It was 6 weeks on NBC and enabled me to start headlining and make a living off stand-up and finally quit my day job. It was also a reality show and so it was ridiculous in all the ways that reality shows are ridiculous. My year was a bit tamer than the others at least, I didn’t have a sequester boat with the cast and no one smacked me.



Did Last Comic Standing change your comedy at all?


I think I got stronger through the process and all the anxiety. I read everything that everyone wrote about me on every message board. And some people hated me so passionately and would all agree and attack me together. It’s my fault for reading things that people named “Mr Twat Waffles” or “Joey doe or die 69” wrote about me and choosing to internalize them. But I learned a lot, and mainly to stop doing that. 



When did you realize you had a really great middle-aged-woman-from-the-50’s impression?


I’ve always liked that voice and I always imitated it since I was a kid. Those movies are hilarious and the women were often such wild morons in this fascinating way. Our choices were so absurd and limited at that time. My grandmother, who was this incredibly smart, sarcastic, spirited woman — her father chose her job for her. He told each of his daughters that they could do a few jobs that were acceptable to ladies if they insisted upon doing anything besides making cupcakes and giggling. 


I think that it’s really funny in it’s awfulness. And it was not so long ago that guys ordered food for women too, that is so hilarious to me. The idea that a guy just chooses what his woman’s stomach needs. 



Do you ever get confused with Rachel Feinstein the sculptor?


I have and we have a mutual friend and we’ve hung out at her wedding and talked about it recently. I once got an email from someone at Vogue asking if they could write about me in their fashion issue as a great trend setter of the time and then they politely retracted a few hours later. 

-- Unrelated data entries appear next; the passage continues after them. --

lemma eval_const_form:
  assumes "inM (e i)" "0 \<le> q" "q \<le> 1"
  shows "eval (const_form i q) e = real_of_rat q"
proof (cases "q \<le> 1/2")
  case True
  then have "0 \<le> real_of_rat (2 * q)" "real_of_rat (2 * q) \<le> 1"
    using assms(2) by (simp_all add: of_rat_less_eq[symmetric] del: of_rat_less_eq)
  then obtain t where "e i t + e i t = real_of_rat (2 * q)" "phiM (real_of_rat (2 * q)) (e i) (e i) = e i t"
    using phiM_witness[OF assms(1) assms(1)] by metis
  then show ?thesis
    using True assms by (simp add: const_form_def of_rat_mult)
next
  case False
  then have "0 \<le> real_of_rat (2 - 2 * q)" "real_of_rat (2 - 2 * q) \<le> 1"
    using assms(3) by (simp_all add: of_rat_less_eq[symmetric] del: of_rat_less_eq)
  then obtain t where "e i t + e i t = real_of_rat (2 - 2 * q)"
      "phiM (real_of_rat (2 - 2 * q)) (e i) (e i) = e i t"
    using phiM_witness[OF assms(1) assms(1)] by metis
  then show ?thesis
    using False assms by (simp add: const_form_def of_rat_mult of_rat_diff)
qed

lemma eval_passes_form_pos_iff:
  assumes fs: "fs \<in> tuples n" and ij: "i < n" "j < n"
    and abc: "0 \<le> a" "0 \<le> b" "0 < c" "a + c \<le> 1" "b + c \<le> 1"
  shows "0 < eval (passes_form i j a b c n) fs
    \<longleftrightarrow> passes_before (fs i) (real_of_rat a) (fs j) (real_of_rat b)"
proof -
  define a' b' c' where "a' = real_of_rat a" "b' = real_of_rat b" "c' = real_of_rat c"
  have abc': "0 \<le> a'" "0 \<le> b'" "0 < c'" "a' + c' \<le> 1" "b' + c' \<le> 1"
    using abc unfolding a'_b'_c'_def
    by (simp_all add: of_rat_add[symmetric] of_rat_less_eq[symmetric] of_rat_less[symmetric]
        del: of_rat_less_eq of_rat_less)
  have fi: "inM (fs i)" and fj: "inM (fs j)"
    using fs ij by (auto intro: tuples_inM)
  define body where "body = min_form (Minus (Atm (a + c) i n) (const_form i a))
    (Minus (const_form i b) (Atm (b + c) j n))"
  have body: "eval body (fs(n := y)) = min (max (phiM (a' + c') (fs i) y - a') 0)
      (max (b' - phiM (b' + c') (fs j) y) 0)" if "inM y" for y
    using ij abc fi eval_const_form[of "fs(n := y)" i a] eval_const_form[of "fs(n := y)" i b]
    by (auto simp: body_def min_form_def a'_b'_c'_def of_rat_add min_def max_def)
  have bdd: "bdd_above ((\<lambda>y. eval body (fs(n := y))) ` Mset)"
    using fi fj by (intro eval_quantified_bdd) (auto simp: body_def min_form_def fv_const_form)
  have "0 < eval (passes_form i j a b c n) fs \<longleftrightarrow> (\<exists>y. inM y \<and> 0 < eval body (fs(n := y)))"
    unfolding passes_form_def body_def[symmetric] eval.simps
    using less_cSUP_iff[OF Mset_nonempty bdd, of 0] by (simp add: Bex_def)
  also have "\<dots> \<longleftrightarrow> (\<exists>y. inM y \<and> a' < phiM (a' + c') (fs i) y \<and> phiM (b' + c') (fs j) y < b')"
    using body by (auto simp: less_max_iff_disj)
  also have "\<dots> \<longleftrightarrow> passes_before (fs i) a' (fs j) b'"
    using passes_before_iff_phiM[OF fi fj abc'] by simp
  finally show ?thesis
    unfolding a'_b'_c'_def .
qed

lemma passes_before_transfer:
  assumes fs: "fs \<in> tuples n" and gs: "gs \<in> tuples n" and tp: "tp n fs = tp n gs"
    and ij: "i < n" "j < n" and ab: "0 \<le> a" "b \<le> 1"
    and "passes_before (fs i) a (fs j) b"
  shows "passes_before (gs i) a (gs j) b"
proof -
  obtain t where t: "t \<in> {0..1}" "a < fs i t" "fs j t < b"
    using assms(8) unfolding passes_before_def by blast
  obtain qa where qa: "a < real_of_rat qa" "real_of_rat qa < fs i t"
    using Rats_dense_in_real[OF t(2)] by (auto elim: Rats_cases)
  obtain qb where qb: "fs j t < real_of_rat qb" "real_of_rat qb < b"
    using Rats_dense_in_real[OF t(3)] by (auto elim: Rats_cases)
  have "0 \<le> real_of_rat qa" "real_of_rat qa < 1" "0 \<le> real_of_rat qb" "real_of_rat qb < 1"
    using qa qb ab inM_range[OF tuples_inM[OF fs ij(1)] t(1)] inM_range[OF tuples_inM[OF fs ij(2)] t(1)]
    by linarith+
  then have q: "0 \<le> qa" "qa < 1" "0 \<le> qb" "qb < 1"
    by (simp_all add: of_rat_less_eq[symmetric] of_rat_less[symmetric] del: of_rat_less_eq of_rat_less)
  define qc where "qc = (1 - max qa qb) / 2"
  have qc: "0 < qc" "qa + qc \<le> 1" "qb + qc \<le> 1"
    using q unfolding qc_def by (auto simp: max_def field_simps)
  have "fv (passes_form i j qa qb qc n) \<subseteq> {..<n}"
    using ij by (subst fv_passes_form) auto
  then have "eval (passes_form i j qa qb qc n) fs = eval (passes_form i j qa qb qc n) gs"
    using fun_cong[OF tp, of "passes_form i j qa qb qc n"] by (simp add: tp_def)
  moreover have "passes_before (fs i) (real_of_rat qa) (fs j) (real_of_rat qb)"
    using t qa qb unfolding passes_before_def by blast
  ultimately have "passes_before (gs i) (real_of_rat qa) (gs j) (real_of_rat qb)"
    using eval_passes_form_pos_iff[OF fs ij q(1,3) qc] eval_passes_form_pos_iff[OF gs ij q(1,3) qc]
    by simp
  then show ?thesis
    using qa qb unfolding passes_before_def by force
qed

lemma im_eq_if_tp_eq:
  assumes n: "0 < n" and fs: "fs \<in> tuples n" and gs: "gs \<in> tuples n" and tp: "tp n fs = tp n gs"
  shows "im n fs = im n gs"
proof -
  have "x \<in> im n fs \<longleftrightarrow> x \<in> im n gs" if x: "x \<in> cube n" for x
  proof -
    have "x i \<in> {0..1}" if "i < n" for i
      using x that by (simp add: cube_def)
    then have "passes_before (fs i) (x i) (fs j) (x j) \<longleftrightarrow> passes_before (gs i) (x i) (gs j) (x j)"
      if "i < n" "j < n" for i j
      using passes_before_transfer[OF fs gs tp that] passes_before_transfer[OF gs fs tp[symmetric] that]
        that by auto
    then show ?thesis
      unfolding mem_im_iff[OF n fs x] mem_im_iff[OF n gs x] by blast
  qed
  then show ?thesis
    using im_subset_cube[OF fs] im_subset_cube[OF gs] by blast
qed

It was the other Rachel Feinstein. She’s this very stylish, celebrated beauty and is referred to as Marc Jacob’s “muse.” I was really flattered because I mostly shop at cheap ho-bag stores like Forever 21 and I usually have a rogue stain on me. 



Who are some of your comedy heroes?


I loved Tracy Ullman growing up. I would put a robe on and pretend I was her and do that “Go Home, Go home!” thing she would do at the end of the show. I also liked Janeane Garafalo and Woody Allen movies a lot growing up. 

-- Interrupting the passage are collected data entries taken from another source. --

(* Let $(X,\perp,Y,T)$ be an implicative frame, and for $A,C\in\mathcal{G}(X)$ let $A\Rightarrow C={}'(A\blacktriangleright C')$. Then: (1) for families $A_i\in\mathcal{G}(X)$ ($i\in I$), $C_j\in\mathcal{G}(X)$ ($j\in J$): $\left(\bigvee_{i}A_i\right)\Rightarrow\left(\bigcap_{j}C_j\right)=\bigcap_{i\in I,j\in J}(A_i\Rightarrow C_j)$; (2) $A\Rightarrow C=\bigcap\{\Gamma x\Rightarrow{}'\{y\}: x\in A,\ y\in Y,\ C\perp y\}$; (3) for all $u,x\in X$ and $y\in Y$: $uT'xy$ iff $u\in(\Gamma x\Rightarrow{}'\{y\})$; (4) $u\in(A\Rightarrow C)$ iff for all $x\in X$ and $y\in Y$, if $x\in A$ and $C\perp y$ then $uT'xy$; (5) for any $A,C\in\mathcal{G}(X)$: $A\subseteq C$ iff $X\subseteq A\Rightarrow C$.
   Context: A sorted frame (polarity) is a triple $(X,\perp,Y)$ with $X,Y$ nonempty sets and ${\perp}\subseteq X\times Y$. For $U\subseteq X$ let $U'=\{y\in Y:\forall x\in U\ x\perp y\}$, and for $V\subseteq Y$ let ${}'V=\{x\in X:\forall y\in V\ x\perp y\}$. $A\subseteq X$ is stable if $A={}'(A')$; $B\subseteq Y$ is co-stable if $B=({}'B)'$. $\mathcal{G}(X)$, $\mathcal{G}(Y)$ are the complete lattices of stable, resp. co-stable, sets under inclusion (meets are intersections; the join of a family is the closure of its union, where the closure of $W\subseteq X$ is ${}'(W')$ and of $W\subseteq Y$ is $W''=({}'W)'$). For $A\in\mathcal G(X)$, $y\in Y$, $A\perp y$ means $x\perp y$ for all $x\in A$. Preorders: for $x,z\in X$, $x\le z$ iff $\{x\}'\subseteq\{z\}'$; for $y,v\in Y$, $y\le v$ iff ${}'\{y\}\subseteq{}'\{v\}$; the frame is separated if both are partial orders. $\Gamma u$ is the set of elements (of the same sort) above $u$. For $T\subseteq Y\times X\times Y$ (write $yTxv$), its Galois dual $T'\subseteq X\times X\times Y$ is given by $uT'xv$ iff $\forall y\in Y\,(yTxv\Rightarrow u\perp y)$. An implicative frame is $(X,\perp,Y,T)$ with $T\subseteq Y\times X\times Y$ such that: (F0) for all $x\in X,y\in Y$: $x\perp y$ iff $uT'xy$ for all $u\in X$; (F1) the frame is separated; (F2) for all $x\in X,v\in Y$ the set $\{y\in Y: yTxv\}$ equals $\Gamma w$ for some $w\in Y$; (F3) for each $y\in Y$, if $yTxv$, $x_1\le x$ and $v_1\le v$ then $yTx_1v_1$; (F4) for all $u,x\in X$ and $v\in Y$, the set $\{x_1\in X:uT'x_1v\}$ is stable and the set $\{v_1\in Y:uT'xv_1\}$ is co-stable. For $A\in\mathcal{G}(X)$, $B\in\mathcal{G}(Y)$ define $A\blacktriangleright B=\left(\{y\in Y:\exists x\in A\,\exists v\in B\ yTxv\}\right)''$. *)

theory Defs
  imports Main
begin

text \<open>A sorted frame (X, perp, Y): X is the universe of type 'x, Y the universe of
type 'y (both nonempty automatically), and perp is R :: 'x => 'y => bool.\<close>

definition upper :: "('x \<Rightarrow> 'y \<Rightarrow> bool) \<Rightarrow> 'x set \<Rightarrow> 'y set" where
  "upper R U = {y. \<forall>x\<in>U. R x y}"

definition lower :: "('x \<Rightarrow> 'y \<Rightarrow> bool) \<Rightarrow> 'y set \<Rightarrow> 'x set" where
  "lower R V = {x. \<forall>y\<in>V. R x y}"

definition stable :: "('x \<Rightarrow> 'y \<Rightarrow> bool) \<Rightarrow> 'x set \<Rightarrow> bool" where
  "stable R A \<longleftrightarrow> A = lower R (upper R A)"

definition costable :: "('x \<Rightarrow> 'y \<Rightarrow> bool) \<Rightarrow> 'y set \<Rightarrow> bool" where
  "costable R B \<longleftrightarrow> B = upper R (lower R B)"

definition joinX :: "('x \<Rightarrow> 'y \<Rightarrow> bool) \<Rightarrow> 'x set set \<Rightarrow> 'x set" where
  "joinX R F = lower R (upper R (\<Union>F))"

definition leX :: "('x \<Rightarrow> 'y \<Rightarrow> bool) \<Rightarrow> 'x \<Rightarrow> 'x \<Rightarrow> bool" where
  "leX R x z \<longleftrightarrow> upper R {x} \<subseteq> upper R {z}"

definition leY :: "('x \<Rightarrow> 'y \<Rightarrow> bool) \<Rightarrow> 'y \<Rightarrow> 'y \<Rightarrow> bool" where
  "leY R y v \<longleftrightarrow> lower R {y} \<subseteq> lower R {v}"

definition GammaX :: "('x \<Rightarrow> 'y \<Rightarrow> bool) \<Rightarrow> 'x \<Rightarrow> 'x set" where
  "GammaX R x = {z. leX R x z}"

definition GammaY :: "('x \<Rightarrow> 'y \<Rightarrow> bool) \<Rightarrow> 'y \<Rightarrow> 'y set" where
  "GammaY R y = {v. leY R y v}"

definition separated :: "('x \<Rightarrow> 'y \<Rightarrow> bool) \<Rightarrow> bool" where
  "separated R \<longleftrightarrow> (\<forall>x z. leX R x z \<and> leX R z x \<longrightarrow> x = z) \<and>
                     (\<forall>y v. leY R y v \<and> leY R v y \<longrightarrow> y = v)"

text \<open>Galois dual T' of T (T y x v means yTxv): u T' x v.\<close>
definition Tdual :: "('x \<Rightarrow> 'y \<Rightarrow> bool) \<Rightarrow> ('y \<Rightarrow> 'x \<Rightarrow> 'y \<Rightarrow> bool) \<Rightarrow> 'x \<Rightarrow> 'x \<Rightarrow> 'y \<Rightarrow> bool" where
  "Tdual R T u x v \<longleftrightarrow> (\<forall>y. T y x v \<longrightarrow> R u y)"

definition implicative_frame :: "('x \<Rightarrow> 'y \<Rightarrow> bool) \<Rightarrow> ('y \<Rightarrow> 'x \<Rightarrow> 'y \<Rightarrow> bool) \<Rightarrow> bool" where
  "implicative_frame R T \<longleftrightarrow>
     (\<forall>x y. R x y \<longleftrightarrow> (\<forall>u. Tdual R T u x y)) \<and>
     separated R \<and>
     (\<forall>x v. \<exists>w. {y. T y x v} = GammaY R w) \<and>
     (\<forall>y x v x1 v1. T y x v \<and> leX R x1 x \<and> leY R v1 v \<longrightarrow> T y x1 v1) \<and>
     (\<forall>u x v. stable R {x1. Tdual R T u x1 v} \<and> costable R {v1. Tdual R T u x v1})"

definition tri :: "('x \<Rightarrow> 'y \<Rightarrow> bool) \<Rightarrow> ('y \<Rightarrow> 'x \<Rightarrow> 'y \<Rightarrow> bool) \<Rightarrow> 'x set \<Rightarrow> 'y set \<Rightarrow> 'y set" where
  "tri R T A B = upper R (lower R {y. \<exists>x\<in>A. \<exists>v\<in>B. T y x v})"

definition imp :: "('x \<Rightarrow> 'y \<Rightarrow> bool) \<Rightarrow> ('y \<Rightarrow> 'x \<Rightarrow> 'y \<Rightarrow> bool) \<Rightarrow> 'x set \<Rightarrow> 'x set \<Rightarrow> 'x set" where
  "imp R T A C = lower R (tri R T A (upper R C))"

end

theory Submission
  imports Defs
begin

text \<open>Unfolding the two closures, \<open>u \<in> A \<Rightarrow> C\<close> says exactly that \<open>u T' x v\<close> holds for all
  \<open>x \<in> A\<close> and \<open>v \<in> C'\<close>. Everything then follows from properties of the relation \<open>T'\<close>:
  by (F3) it is antitone in \<open>x\<close> and \<open>v\<close>, which gives (2)-(4) with principal sets; by (F4) its
  sections are (co-)stable, so the condition may be tested on generators of the closures,
  which gives (1); and by (F0) \<open>\<forall>u. u T' x v\<close> is \<open>x \<perp> v\<close>, which gives (5).\<close>

lemma implicative_frame_perp_iff_Tdual:
  "implicative_frame R T \<Longrightarrow> R x y \<longleftrightarrow> (\<forall>u. Tdual R T u x y)"
  unfolding implicative_frame_def by blast

lemma implicative_frame_T_antitone:
  "implicative_frame R T \<Longrightarrow> T z x v \<Longrightarrow> leX R x1 x \<Longrightarrow> leY R v1 v \<Longrightarrow> T z x1 v1"
  unfolding implicative_frame_def by blast

lemma implicative_frame_stable_Tdual:
  "implicative_frame R T \<Longrightarrow> stable R {x. Tdual R T u x v}"
  unfolding implicative_frame_def by blast

lemma implicative_frame_costable_Tdual:
  "implicative_frame R T \<Longrightarrow> costable R {v. Tdual R T u x v}"
  unfolding implicative_frame_def by blast

lemma lower_upper_least: "stable R S \<Longrightarrow> W \<subseteq> S \<Longrightarrow> lower R (upper R W) \<subseteq> S"
  unfolding stable_def upper_def lower_def by blast

lemma upper_lower_least: "costable R S \<Longrightarrow> V \<subseteq> S \<Longrightarrow> upper R (lower R V) \<subseteq> S"
  unfolding costable_def upper_def lower_def by blast

lemma upper_lower_singleton: "upper R (lower R {y}) = GammaY R y"
  unfolding GammaY_def leY_def upper_def lower_def by auto

lemma mem_GammaX_self: "x \<in> GammaX R x"
  by (simp add: GammaX_def leX_def)

lemma mem_GammaY_self: "y \<in> GammaY R y"
  by (simp add: GammaY_def leY_def)

lemma INT_stable_eq_lower_UN_upper:
  "(\<forall>j\<in>J. stable R (C j)) \<Longrightarrow> (\<Inter>j\<in>J. C j) = lower R (\<Union>j\<in>J. upper R (C j))"
  unfolding stable_def lower_def by auto

lemma mem_imp_iff: "u \<in> imp R T A C \<longleftrightarrow> (\<forall>x\<in>A. \<forall>v\<in>upper R C. Tdual R T u x v)"
  unfolding imp_def tri_def upper_def lower_def Tdual_def by blast

lemma Tdual_antitone:
  assumes "implicative_frame R T" "Tdual R T u x v" "leX R x x1" "leY R v v1"
  shows "Tdual R T u x1 v1"
  using assms implicative_frame_T_antitone[OF assms(1)] unfolding Tdual_def by blast

lemma Tdual_iff_mem_imp_principal:
  assumes frame: "implicative_frame R T"
  shows "Tdual R T u x y \<longleftrightarrow> u \<in> imp R T (GammaX R x) (lower R {y})"
proof -
  have "Tdual R T u x y \<longleftrightarrow> (\<forall>x1\<in>GammaX R x. \<forall>v\<in>GammaY R y. Tdual R T u x1 v)"
  proof
    assume "Tdual R T u x y"
    then show "\<forall>x1\<in>GammaX R x. \<forall>v\<in>GammaY R y. Tdual R T u x1 v"
      unfolding GammaX_def GammaY_def using Tdual_antitone[OF frame] by blast
  next
    assume "\<forall>x1\<in>GammaX R x. \<forall>v\<in>GammaY R y. Tdual R T u x1 v"
    then show "Tdual R T u x y"
      by (simp add: mem_GammaX_self mem_GammaY_self)
  qed
  then show ?thesis
    by (simp only: mem_imp_iff upper_lower_singleton)
qed

lemma imp_eq_INT_imp_principal:
  assumes "implicative_frame R T"
  shows "imp R T A C = \<Inter>{imp R T (GammaX R x) (lower R {y}) | x y. x \<in> A \<and> y \<in> upper R C}"
proof (rule set_eqI)
  fix u
  have "u \<in> imp R T A C \<longleftrightarrow> (\<forall>x\<in>A. \<forall>y\<in>upper R C. Tdual R T u x y)"
    by (rule mem_imp_iff)
  also have "\<dots> \<longleftrightarrow> (\<forall>x\<in>A. \<forall>y\<in>upper R C. u \<in> imp R T (GammaX R x) (lower R {y}))"
    by (simp only: Tdual_iff_mem_imp_principal[OF assms])
  finally show "u \<in> imp R T A C \<longleftrightarrow> u \<in> \<Inter>{imp R T (GammaX R x) (lower R {y}) | x y. x \<in> A \<and> y \<in> upper R C}"
    by blast
qed

lemma Tdual_closure:
  assumes frame: "implicative_frame R T"
    and Tdual: "\<forall>x\<in>W. \<forall>v\<in>V. Tdual R T u x v"
    and x: "x \<in> lower R (upper R W)" and v: "v \<in> upper R (lower R V)"
  shows "Tdual R T u x v"
proof -
  have "upper R (lower R V) \<subseteq> {v. Tdual R T u x' v}" if "x' \<in> W" for x'
    using that Tdual upper_lower_least[OF implicative_frame_costable_Tdual[OF frame]] by blast
  then have "lower R (upper R W) \<subseteq> {x. Tdual R T u x v}"
    using v lower_upper_least[OF implicative_frame_stable_Tdual[OF frame]] by blast
  then show ?thesis
    using x by blast
qed

lemma mem_imp_closure_iff:
  assumes "implicative_frame R T"
  shows "u \<in> imp R T (lower R (upper R W)) (lower R V) \<longleftrightarrow> (\<forall>x\<in>W. \<forall>v\<in>V. Tdual R T u x v)"
proof -
  have "W \<subseteq> lower R (upper R W)" "V \<subseteq> upper R (lower R V)"
    unfolding upper_def lower_def by auto
  then show ?thesis
    unfolding mem_imp_iff using Tdual_closure[OF assms] by blast
qed

lemma imp_joinX_INT:
  assumes frame: "implicative_frame R T" and stable: "\<forall>j\<in>J. stable R (C j)"
  shows "imp R T (joinX R (A ` I)) (\<Inter>j\<in>J. C j) = (\<Inter>i\<in>I. \<Inter>j\<in>J. imp R T (A i) (C j))"
proof (rule set_eqI)
  fix u
  have "u \<in> imp R T (joinX R (A ` I)) (\<Inter>j\<in>J. C j)
      \<longleftrightarrow> (\<forall>x\<in>\<Union>(A ` I). \<forall>v\<in>\<Union>j\<in>J. upper R (C j). Tdual R T u x v)"
    unfolding joinX_def INT_stable_eq_lower_UN_upper[OF stable]
    by (rule mem_imp_closure_iff[OF frame])
  also have "\<dots> \<longleftrightarrow> (\<forall>i\<in>I. \<forall>j\<in>J. \<forall>x\<in>A i. \<forall>v\<in>upper R (C j). Tdual R T u x v)"
    by blast
  also have "\<dots> \<longleftrightarrow> u \<in> (\<Inter>i\<in>I. \<Inter>j\<in>J. imp R T (A i) (C j))"
    by (simp add: mem_imp_iff)
  finally show "u \<in> imp R T (joinX R (A ` I)) (\<Inter>j\<in>J. C j)
      \<longleftrightarrow> u \<in> (\<Inter>i\<in>I. \<Inter>j\<in>J. imp R T (A i) (C j))" .
qed

lemma subset_iff_UNIV_subset_imp:
  assumes "implicative_frame R T" "stable R C"
  shows "A \<subseteq> C \<longleftrightarrow> UNIV \<subseteq> imp R T A C"
proof -
  have "UNIV \<subseteq> imp R T A C \<longleftrightarrow> (\<forall>x\<in>A. \<forall>v\<in>upper R C. \<forall>u. Tdual R T u x v)"
    unfolding subset_iff mem_imp_iff by blast
  also have "\<dots> \<longleftrightarrow> (\<forall>x\<in>A. \<forall>v\<in>upper R C. R x v)"
    by (simp add: implicative_frame_perp_iff_Tdual[OF assms(1)])
  also have "\<dots> \<longleftrightarrow> A \<subseteq> lower R (upper R C)"
    by (auto simp: lower_def)
  finally show ?thesis
    using assms(2) by (simp add: stable_def)
qed

theorem proposition3p6:
  fixes R :: "'x \<Rightarrow> 'y \<Rightarrow> bool" and T :: "'y \<Rightarrow> 'x \<Rightarrow> 'y \<Rightarrow> bool"
  assumes frame: "implicative_frame R T"
  shows
    "(\<forall>(I :: 'i set) (J :: 'j set) (A :: 'i \<Rightarrow> 'x set) (C :: 'j \<Rightarrow> 'x set).
        (\<forall>i\<in>I. stable R (A i)) \<longrightarrow> (\<forall>j\<in>J. stable R (C j)) \<longrightarrow>
        imp R T (joinX R (A ` I)) (\<Inter>j\<in>J. C j) = (\<Inter>i\<in>I. \<Inter>j\<in>J. imp R T (A i) (C j)))
   \<and> (\<forall>A C. stable R A \<longrightarrow> stable R C \<longrightarrow>
        imp R T A C = \<Inter>{imp R T (GammaX R x) (lower R {y}) | x y. x \<in> A \<and> (\<forall>c\<in>C. R c y)})
   \<and> (\<forall>u x y. Tdual R T u x y \<longleftrightarrow> u \<in> imp R T (GammaX R x) (lower R {y}))
   \<and> (\<forall>A C u. stable R A \<longrightarrow> stable R C \<longrightarrow>
        (u \<in> imp R T A C \<longleftrightarrow> (\<forall>x y. x \<in> A \<longrightarrow> (\<forall>c\<in>C. R c y) \<longrightarrow> Tdual R T u x y)))
   \<and> (\<forall>A C. stable R A \<longrightarrow> stable R C \<longrightarrow> (A \<subseteq> C \<longleftrightarrow> UNIV \<subseteq> imp R T A C))"
proof (intro conjI allI impI)
  fix I :: "'i set" and J :: "'j set" and A :: "'i \<Rightarrow> 'x set" and C :: "'j \<Rightarrow> 'x set"
  assume "\<forall>j\<in>J. stable R (C j)"
  then show "imp R T (joinX R (A ` I)) (\<Inter>j\<in>J. C j) = (\<Inter>i\<in>I. \<Inter>j\<in>J. imp R T (A i) (C j))"
    by (rule imp_joinX_INT[OF frame])
next
  fix A C :: "'x set"
  show "imp R T A C = \<Inter>{imp R T (GammaX R x) (lower R {y}) | x y. x \<in> A \<and> (\<forall>c\<in>C. R c y)}"
    using imp_eq_INT_imp_principal[OF frame, of A C] unfolding upper_def by simp
next
  fix u x y
  show "Tdual R T u x y \<longleftrightarrow> u \<in> imp R T (GammaX R x) (lower R {y})"
    by (rule Tdual_iff_mem_imp_principal[OF frame])
next
  fix A C :: "'x set" and u
  show "u \<in> imp R T A C \<longleftrightarrow> (\<forall>x y. x \<in> A \<longrightarrow> (\<forall>c\<in>C. R c y) \<longrightarrow> Tdual R T u x y)"
    by (auto simp: mem_imp_iff upper_def)
next
  fix A C :: "'x set"
  assume "stable R C"
  then show "A \<subseteq> C \<longleftrightarrow> UNIV \<subseteq> imp R T A C"
    by (rule subset_iff_UNIV_subset_imp[OF frame])
qed

end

Tell me about Malorie’s Final Score.

I do stand-up in it the main character is playing with her phone in the front row of my show and I attack her and mock her. She was a really lovely person and I felt bad mocking her so viciously. We taped it at the Comedy Cellar. I haven’t seen it yet.



Can you talk about your latest Showtime special Women Who Kill?


It was me, Amy Schumer, Marina Franklin and Nikki Glaser. We’re all really close so it was nice not to have to manufacture a connection. I was so happy that night and I can see it at the end when we all came out. It was really fun and I’m proud of it.


What’s next for Rachel Feinstein?


More stand-up. I’d like to do an hour special next. I have a new web series on Official Comedy” called “Rachel’s Lady Parts.” I’m also doing another web series for BBC about the movies called “Reel Advice.” I’m on this season of World’s Dumbest on TruTV and Hip Hop Squares on MTV 2.

For more information on Rachel, you can visit her website at or follow her on Twitter at @RachelFeinstein. For more information on the other Rachel Feinstein, you can check out her Wikipedia page here.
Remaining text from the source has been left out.